_What you have to do_
Restate the records word for word, omitting nothing.

_Provided data_
━━━━━━━━

lemma user_decoder_correct:
  assumes "valid_demand K1 K2 N d" "valid_files N F L W"
    and "k1 \<in> {1..K1}" "k2 \<in> {1..K2}" "j \<in> {1..F}"
  shows "user_decoder k1 k2 d (mirror_msg k1 d (server_msg d W) W) W j = W (d k1 k2) j"
proof (cases "P k1 j k2")
  case Star
  then show ?thesis using assms(5) unfolding user_decoder_def by simp
next
  case (Val s)
  have s: "s \<in> Ss k1" using PDA_entry[OF subarray_PDA[OF assms(3)] assms(5,4)] Val by auto
  have own: "(k1, j, k2) \<in> mirror_residual k1 s"
    using assms(3-5) Val unfolding mirror_residual_def occurrences_def by auto
  have "{(k1', j', k2') \<in> mirror_residual k1 s - {(k1, j, k2)}. P k1 j' k2 = Star} =
      mirror_residual k1 s - {(k1, j, k2)}"
    using mirror_residual_cached_by_user[OF assms(3,5,4) Val] by auto
  then have "user_decoder k1 k2 d (mirror_msg k1 d (server_msg d W) W) W j =
      xor_bits L (xor_sum L (mirror_residual k1 s) (requested d W))
        (xor_sum L (mirror_residual k1 s - {(k1, j, k2)}) (requested d W))"
    using assms(5) Val unfolding user_decoder_def by (simp add: lookup_mirror_msg[OF assms(3) s])
  also have "\<dots> = xor_sum L {(k1, j, k2)} (requested d W)"
    using own finite_subset[OF _ finite_occurrences, of "mirror_residual k1 s" s]
    by (subst xor_bits_xor_sum_Diff) (auto simp: mirror_residual_def Diff_Diff_Int)
  also have "\<dots> = W (d k1 k2) j"
    using assms unfolding valid_demand_def valid_files_def
    by (subst xor_sum_singleton) (auto simp: requested_def)
  finally show ?thesis .
qed

lemma length_server_symbols:
  "real (length server_symbols) = real (card (\<Union>k1\<in>{1..K1}. Ss k1)) - real (card Sm)"
proof -
  have "finite (\<Union>k1\<in>{1..K1}. Ss k1)" using finite_Ss by blast
  then show ?thesis
    using Sm_subset_symbols unfolding server_symbols_def
    by (simp add: card_Diff_subset finite_subset card_mono of_nat_diff)
qed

━━━━━━━━

_Solution_
lemma user_decoder_correct:
  assumes "valid_demand K1 K2 N d" "valid_files N F L W"
    and "k1 \<in> {1..K1}" "k2 \<in> {1..K2}" "j \<in> {1..F}"
  shows "user_decoder k1 k2 d (mirror_msg k1 d (server_msg d W) W) W j = W (d k1 k2) j"
proof (cases "P k1 j k2")
  case Star
  then show ?thesis using assms(5) unfolding user_decoder_def by simp
next
  case (Val s)
  have s: "s \<in> Ss k1" using PDA_entry[OF subarray_PDA[OF assms(3)] assms(5,4)] Val by auto
  have own: "(k1, j, k2) \<in> mirror_residual k1 s"
    using assms(3-5) Val unfolding mirror_residual_def occurrences_def by auto
  have "{(k1', j', k2') \<in> mirror_residual k1 s - {(k1, j, k2)}. P k1 j' k2 = Star} =
      mirror_residual k1 s - {(k1, j, k2)}"
    using mirror_residual_cached_by_user[OF assms(3,5,4) Val] by auto
  then have "user_decoder k1 k2 d (mirror_msg k1 d (server_msg d W) W) W j =
      xor_bits L (xor_sum L (mirror_residual k1 s) (requested d W))
        (xor_sum L (mirror_residual k1 s - {(k1, j, k2)}) (requested d W))"
    using assms(5) Val unfolding user_decoder_def by (simp add: lookup_mirror_msg[OF assms(3) s])
  also have "\<dots> = xor_sum L {(k1, j, k2)} (requested d W)"
    using own finite_subset[OF _ finite_occurrences, of "mirror_residual k1 s" s]
    by (subst xor_bits_xor_sum_Diff) (auto simp: mirror_residual_def Diff_Diff_Int)
  also have "\<dots> = W (d k1 k2) j"
    using assms unfolding valid_demand_def valid_files_def
    by (subst xor_sum_singleton) (auto simp: requested_def)
  finally show ?thesis .
qed

lemma length_server_symbols:
  "real (length server_symbols) = real (card (\<Union>k1\<in>{1..K1}. Ss k1)) - real (card Sm)"
proof -
  have "finite (\<Union>k1\<in>{1..K1}. Ss k1)" using finite_Ss by blast
  then show ?thesis
    using Sm_subset_symbols unfolding server_symbols_def
    by (simp add: card_Diff_subset finite_subset card_mono of_nat_diff)
qed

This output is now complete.